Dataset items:

------------------------------------------------

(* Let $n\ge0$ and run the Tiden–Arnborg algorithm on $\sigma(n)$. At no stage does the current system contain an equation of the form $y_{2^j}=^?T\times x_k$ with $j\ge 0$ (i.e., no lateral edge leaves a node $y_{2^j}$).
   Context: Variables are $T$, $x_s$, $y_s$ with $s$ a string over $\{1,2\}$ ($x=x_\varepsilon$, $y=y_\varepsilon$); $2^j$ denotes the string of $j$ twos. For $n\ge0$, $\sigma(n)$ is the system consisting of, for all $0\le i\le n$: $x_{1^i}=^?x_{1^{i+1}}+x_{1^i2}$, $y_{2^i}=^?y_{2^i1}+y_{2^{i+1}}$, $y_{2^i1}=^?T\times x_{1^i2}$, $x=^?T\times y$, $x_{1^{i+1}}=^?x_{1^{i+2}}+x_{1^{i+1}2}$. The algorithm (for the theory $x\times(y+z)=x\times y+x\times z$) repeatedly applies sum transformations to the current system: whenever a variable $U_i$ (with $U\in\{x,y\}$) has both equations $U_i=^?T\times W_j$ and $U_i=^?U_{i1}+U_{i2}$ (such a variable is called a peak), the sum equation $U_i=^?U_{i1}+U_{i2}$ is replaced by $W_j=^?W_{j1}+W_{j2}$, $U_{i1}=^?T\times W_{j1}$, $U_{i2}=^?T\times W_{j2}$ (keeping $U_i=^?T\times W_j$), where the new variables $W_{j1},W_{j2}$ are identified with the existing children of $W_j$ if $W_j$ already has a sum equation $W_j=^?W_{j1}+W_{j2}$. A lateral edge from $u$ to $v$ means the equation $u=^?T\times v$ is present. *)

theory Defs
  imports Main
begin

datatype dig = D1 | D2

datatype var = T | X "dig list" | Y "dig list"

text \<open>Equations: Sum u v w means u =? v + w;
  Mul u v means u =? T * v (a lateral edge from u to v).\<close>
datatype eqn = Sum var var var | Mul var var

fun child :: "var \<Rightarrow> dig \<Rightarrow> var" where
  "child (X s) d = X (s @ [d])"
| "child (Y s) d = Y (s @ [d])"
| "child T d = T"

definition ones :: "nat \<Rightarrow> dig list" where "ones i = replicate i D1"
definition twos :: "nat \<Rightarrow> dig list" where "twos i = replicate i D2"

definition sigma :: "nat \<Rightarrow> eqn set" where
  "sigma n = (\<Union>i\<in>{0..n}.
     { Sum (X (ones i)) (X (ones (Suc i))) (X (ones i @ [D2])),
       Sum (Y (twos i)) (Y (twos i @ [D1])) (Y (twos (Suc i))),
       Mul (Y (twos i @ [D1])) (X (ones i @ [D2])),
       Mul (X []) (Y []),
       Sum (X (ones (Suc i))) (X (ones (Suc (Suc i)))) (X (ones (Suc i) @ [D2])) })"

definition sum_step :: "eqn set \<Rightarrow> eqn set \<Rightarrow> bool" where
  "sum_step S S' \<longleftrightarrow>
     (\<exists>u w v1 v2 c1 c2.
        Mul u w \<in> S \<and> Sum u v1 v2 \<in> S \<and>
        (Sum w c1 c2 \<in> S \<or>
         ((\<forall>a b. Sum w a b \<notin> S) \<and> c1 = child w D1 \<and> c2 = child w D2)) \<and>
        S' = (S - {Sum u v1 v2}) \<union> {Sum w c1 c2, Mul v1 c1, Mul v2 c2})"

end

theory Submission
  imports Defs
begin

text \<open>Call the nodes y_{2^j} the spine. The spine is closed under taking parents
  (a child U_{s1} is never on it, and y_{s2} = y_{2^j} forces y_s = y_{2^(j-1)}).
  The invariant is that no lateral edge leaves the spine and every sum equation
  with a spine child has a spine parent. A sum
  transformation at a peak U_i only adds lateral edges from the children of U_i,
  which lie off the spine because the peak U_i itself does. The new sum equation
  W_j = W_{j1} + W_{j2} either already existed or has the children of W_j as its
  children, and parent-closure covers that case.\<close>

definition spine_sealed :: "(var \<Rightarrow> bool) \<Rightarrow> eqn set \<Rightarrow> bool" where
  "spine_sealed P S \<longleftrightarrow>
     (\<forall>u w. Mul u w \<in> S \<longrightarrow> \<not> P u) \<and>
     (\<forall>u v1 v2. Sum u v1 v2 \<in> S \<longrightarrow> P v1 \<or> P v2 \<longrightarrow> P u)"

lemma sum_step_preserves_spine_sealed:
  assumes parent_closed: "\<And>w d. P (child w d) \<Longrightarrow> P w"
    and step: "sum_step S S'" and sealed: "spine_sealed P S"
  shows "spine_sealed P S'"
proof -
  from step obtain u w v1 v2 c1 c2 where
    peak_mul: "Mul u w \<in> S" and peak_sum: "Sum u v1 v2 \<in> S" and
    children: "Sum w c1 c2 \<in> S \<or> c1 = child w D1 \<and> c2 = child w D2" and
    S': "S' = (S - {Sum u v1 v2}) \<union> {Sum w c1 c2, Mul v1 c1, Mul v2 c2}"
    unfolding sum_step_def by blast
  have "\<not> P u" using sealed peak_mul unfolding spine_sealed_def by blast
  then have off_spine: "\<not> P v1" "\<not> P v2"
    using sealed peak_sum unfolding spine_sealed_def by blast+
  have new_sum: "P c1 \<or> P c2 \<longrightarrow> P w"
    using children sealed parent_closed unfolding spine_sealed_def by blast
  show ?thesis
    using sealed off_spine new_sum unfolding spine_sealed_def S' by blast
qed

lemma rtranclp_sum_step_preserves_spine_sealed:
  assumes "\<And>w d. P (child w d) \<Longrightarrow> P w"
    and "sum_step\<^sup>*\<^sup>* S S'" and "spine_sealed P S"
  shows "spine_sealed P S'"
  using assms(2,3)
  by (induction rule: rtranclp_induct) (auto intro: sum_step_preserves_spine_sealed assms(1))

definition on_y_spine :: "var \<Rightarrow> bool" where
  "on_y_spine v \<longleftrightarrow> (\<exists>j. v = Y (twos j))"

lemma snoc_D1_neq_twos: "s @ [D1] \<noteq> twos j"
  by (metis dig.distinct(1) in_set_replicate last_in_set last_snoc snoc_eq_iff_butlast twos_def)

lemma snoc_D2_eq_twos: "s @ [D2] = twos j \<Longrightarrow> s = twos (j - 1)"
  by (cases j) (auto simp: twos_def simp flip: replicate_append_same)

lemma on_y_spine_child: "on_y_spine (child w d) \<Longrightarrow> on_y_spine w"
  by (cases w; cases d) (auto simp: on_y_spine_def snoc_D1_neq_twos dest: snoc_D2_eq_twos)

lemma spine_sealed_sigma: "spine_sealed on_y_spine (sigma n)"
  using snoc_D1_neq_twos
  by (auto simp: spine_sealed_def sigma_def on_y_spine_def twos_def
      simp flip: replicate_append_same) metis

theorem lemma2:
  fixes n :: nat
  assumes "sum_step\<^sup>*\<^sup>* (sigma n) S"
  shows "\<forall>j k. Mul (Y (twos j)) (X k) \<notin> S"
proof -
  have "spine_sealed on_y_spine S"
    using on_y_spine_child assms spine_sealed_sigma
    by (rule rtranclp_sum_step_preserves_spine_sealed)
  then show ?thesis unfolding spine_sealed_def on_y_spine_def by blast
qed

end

------------------------------------------------

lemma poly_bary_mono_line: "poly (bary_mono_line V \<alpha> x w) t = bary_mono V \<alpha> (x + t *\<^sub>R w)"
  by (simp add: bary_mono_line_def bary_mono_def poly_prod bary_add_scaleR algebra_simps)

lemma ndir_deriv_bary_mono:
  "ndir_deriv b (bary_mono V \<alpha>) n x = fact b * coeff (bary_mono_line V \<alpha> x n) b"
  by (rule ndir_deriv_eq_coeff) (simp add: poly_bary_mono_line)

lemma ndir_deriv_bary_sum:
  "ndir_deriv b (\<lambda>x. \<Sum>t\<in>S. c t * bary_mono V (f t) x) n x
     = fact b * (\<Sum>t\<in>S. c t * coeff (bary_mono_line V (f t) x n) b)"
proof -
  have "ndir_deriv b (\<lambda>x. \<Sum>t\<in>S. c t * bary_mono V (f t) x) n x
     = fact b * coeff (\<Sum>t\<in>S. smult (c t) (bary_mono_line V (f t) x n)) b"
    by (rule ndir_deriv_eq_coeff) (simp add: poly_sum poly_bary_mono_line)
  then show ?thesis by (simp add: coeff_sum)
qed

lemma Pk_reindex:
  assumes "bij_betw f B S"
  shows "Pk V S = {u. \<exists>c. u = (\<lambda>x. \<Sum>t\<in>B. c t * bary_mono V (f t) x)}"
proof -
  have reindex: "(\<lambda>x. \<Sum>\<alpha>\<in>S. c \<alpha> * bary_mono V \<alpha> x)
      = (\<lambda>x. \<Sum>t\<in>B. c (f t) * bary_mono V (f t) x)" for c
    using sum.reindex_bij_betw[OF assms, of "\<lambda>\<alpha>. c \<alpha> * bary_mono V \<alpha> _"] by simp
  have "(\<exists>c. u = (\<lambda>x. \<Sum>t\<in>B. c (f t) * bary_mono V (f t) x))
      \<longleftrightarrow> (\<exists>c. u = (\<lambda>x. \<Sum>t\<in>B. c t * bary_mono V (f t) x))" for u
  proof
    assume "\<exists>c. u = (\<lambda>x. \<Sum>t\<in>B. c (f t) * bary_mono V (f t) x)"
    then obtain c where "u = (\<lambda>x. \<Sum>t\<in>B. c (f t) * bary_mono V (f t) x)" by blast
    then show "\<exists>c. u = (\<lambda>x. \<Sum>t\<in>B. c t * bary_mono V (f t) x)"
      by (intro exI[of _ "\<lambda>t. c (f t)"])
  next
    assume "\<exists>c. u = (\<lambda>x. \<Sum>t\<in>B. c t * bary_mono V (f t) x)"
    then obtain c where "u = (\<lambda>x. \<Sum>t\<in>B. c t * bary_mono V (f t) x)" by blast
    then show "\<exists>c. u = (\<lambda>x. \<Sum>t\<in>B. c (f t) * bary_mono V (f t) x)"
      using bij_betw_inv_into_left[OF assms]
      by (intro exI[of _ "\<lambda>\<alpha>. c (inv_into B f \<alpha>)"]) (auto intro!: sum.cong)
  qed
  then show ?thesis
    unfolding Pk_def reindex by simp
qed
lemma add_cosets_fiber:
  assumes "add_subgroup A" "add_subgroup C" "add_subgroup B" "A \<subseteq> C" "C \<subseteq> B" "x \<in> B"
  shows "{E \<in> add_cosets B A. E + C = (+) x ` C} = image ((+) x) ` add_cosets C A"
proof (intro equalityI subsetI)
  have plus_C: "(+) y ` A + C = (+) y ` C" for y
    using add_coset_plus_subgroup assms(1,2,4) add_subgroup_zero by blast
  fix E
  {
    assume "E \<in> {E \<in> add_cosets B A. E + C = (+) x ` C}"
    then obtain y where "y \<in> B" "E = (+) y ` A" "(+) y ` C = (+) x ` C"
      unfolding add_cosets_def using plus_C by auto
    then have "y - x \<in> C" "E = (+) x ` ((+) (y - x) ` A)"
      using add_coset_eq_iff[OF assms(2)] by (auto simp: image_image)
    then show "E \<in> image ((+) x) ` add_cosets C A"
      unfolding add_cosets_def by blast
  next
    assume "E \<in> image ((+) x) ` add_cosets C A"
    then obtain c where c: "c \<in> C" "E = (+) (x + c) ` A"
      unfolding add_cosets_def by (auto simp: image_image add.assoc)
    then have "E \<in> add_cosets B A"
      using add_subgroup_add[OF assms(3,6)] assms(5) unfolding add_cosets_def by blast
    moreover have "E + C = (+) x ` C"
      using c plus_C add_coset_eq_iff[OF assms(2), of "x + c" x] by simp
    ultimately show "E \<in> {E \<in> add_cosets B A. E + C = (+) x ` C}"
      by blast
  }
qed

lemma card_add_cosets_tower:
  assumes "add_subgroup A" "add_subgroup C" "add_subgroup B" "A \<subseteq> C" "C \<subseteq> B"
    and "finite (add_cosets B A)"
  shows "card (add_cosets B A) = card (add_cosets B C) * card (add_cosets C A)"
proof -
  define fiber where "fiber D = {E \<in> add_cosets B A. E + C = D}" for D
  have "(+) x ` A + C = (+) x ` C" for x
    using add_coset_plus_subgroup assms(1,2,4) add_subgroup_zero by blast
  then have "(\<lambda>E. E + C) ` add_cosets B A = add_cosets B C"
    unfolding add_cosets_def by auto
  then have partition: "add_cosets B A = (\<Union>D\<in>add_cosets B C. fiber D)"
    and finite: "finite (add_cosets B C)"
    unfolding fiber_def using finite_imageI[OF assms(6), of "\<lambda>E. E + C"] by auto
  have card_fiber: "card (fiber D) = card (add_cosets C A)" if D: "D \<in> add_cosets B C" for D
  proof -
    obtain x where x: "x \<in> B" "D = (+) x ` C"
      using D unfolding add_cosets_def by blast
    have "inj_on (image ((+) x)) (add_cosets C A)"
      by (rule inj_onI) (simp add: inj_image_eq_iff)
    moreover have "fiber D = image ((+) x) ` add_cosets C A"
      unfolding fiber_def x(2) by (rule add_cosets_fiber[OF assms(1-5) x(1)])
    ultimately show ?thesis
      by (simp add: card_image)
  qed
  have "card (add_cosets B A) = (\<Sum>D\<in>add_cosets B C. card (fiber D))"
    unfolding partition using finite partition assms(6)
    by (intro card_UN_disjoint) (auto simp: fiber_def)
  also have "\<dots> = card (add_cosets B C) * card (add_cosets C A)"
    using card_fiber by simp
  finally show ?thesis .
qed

------------------------------------------------

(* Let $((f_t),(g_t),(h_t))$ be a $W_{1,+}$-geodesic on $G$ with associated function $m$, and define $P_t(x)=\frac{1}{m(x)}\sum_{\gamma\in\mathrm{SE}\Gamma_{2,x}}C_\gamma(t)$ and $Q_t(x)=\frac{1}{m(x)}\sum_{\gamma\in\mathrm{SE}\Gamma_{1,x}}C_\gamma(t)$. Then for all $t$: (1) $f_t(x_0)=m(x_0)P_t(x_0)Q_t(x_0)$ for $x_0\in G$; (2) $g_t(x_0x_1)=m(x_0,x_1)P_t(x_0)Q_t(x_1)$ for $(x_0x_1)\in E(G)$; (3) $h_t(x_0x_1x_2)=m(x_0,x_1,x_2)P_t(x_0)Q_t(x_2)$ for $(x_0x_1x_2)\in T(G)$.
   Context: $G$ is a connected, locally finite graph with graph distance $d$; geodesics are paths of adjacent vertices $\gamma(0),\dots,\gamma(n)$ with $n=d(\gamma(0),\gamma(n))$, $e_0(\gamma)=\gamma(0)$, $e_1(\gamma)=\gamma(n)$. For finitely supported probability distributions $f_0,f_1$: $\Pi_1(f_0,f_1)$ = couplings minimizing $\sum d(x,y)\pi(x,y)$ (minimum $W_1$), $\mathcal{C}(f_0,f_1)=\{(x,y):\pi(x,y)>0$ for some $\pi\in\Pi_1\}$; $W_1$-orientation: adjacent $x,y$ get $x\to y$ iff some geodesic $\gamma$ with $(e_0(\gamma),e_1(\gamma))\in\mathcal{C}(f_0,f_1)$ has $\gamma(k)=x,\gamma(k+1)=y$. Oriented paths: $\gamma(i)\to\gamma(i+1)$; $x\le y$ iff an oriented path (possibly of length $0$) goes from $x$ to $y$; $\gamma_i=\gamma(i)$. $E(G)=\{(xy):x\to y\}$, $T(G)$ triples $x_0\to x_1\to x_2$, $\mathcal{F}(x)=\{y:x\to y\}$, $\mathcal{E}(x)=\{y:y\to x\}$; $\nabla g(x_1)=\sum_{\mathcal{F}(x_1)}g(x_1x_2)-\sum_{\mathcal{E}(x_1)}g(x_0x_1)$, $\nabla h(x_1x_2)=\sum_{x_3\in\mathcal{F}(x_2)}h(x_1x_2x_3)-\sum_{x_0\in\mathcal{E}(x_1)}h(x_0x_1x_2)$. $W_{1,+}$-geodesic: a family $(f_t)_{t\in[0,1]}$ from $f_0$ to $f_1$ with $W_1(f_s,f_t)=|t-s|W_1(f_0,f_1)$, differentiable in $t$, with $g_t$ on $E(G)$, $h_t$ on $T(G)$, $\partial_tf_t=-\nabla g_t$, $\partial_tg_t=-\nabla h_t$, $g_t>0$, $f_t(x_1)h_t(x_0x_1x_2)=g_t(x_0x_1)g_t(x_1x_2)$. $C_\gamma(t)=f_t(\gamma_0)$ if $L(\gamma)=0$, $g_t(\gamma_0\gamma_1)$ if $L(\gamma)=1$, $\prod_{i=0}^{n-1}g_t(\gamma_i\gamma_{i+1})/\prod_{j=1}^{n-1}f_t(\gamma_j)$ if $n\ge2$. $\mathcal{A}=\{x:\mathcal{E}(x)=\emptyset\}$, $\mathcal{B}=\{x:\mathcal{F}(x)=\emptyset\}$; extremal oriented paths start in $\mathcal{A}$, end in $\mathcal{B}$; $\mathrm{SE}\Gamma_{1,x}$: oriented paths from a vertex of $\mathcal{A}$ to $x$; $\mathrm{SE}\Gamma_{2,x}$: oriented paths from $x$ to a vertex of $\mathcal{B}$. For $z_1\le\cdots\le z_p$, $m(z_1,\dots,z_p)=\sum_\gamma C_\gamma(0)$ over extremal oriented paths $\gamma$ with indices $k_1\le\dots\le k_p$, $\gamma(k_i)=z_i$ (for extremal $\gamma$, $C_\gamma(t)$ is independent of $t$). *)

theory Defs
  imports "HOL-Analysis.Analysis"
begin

------------------------------------------------

Assignment:
Find the lines that mention "datatype" in the entries and show them.

Output for this exercise:
datatype dig = D1 | D2
datatype var = T | X "dig list" | Y "dig list"
datatype eqn = Sum var var var | Mul var var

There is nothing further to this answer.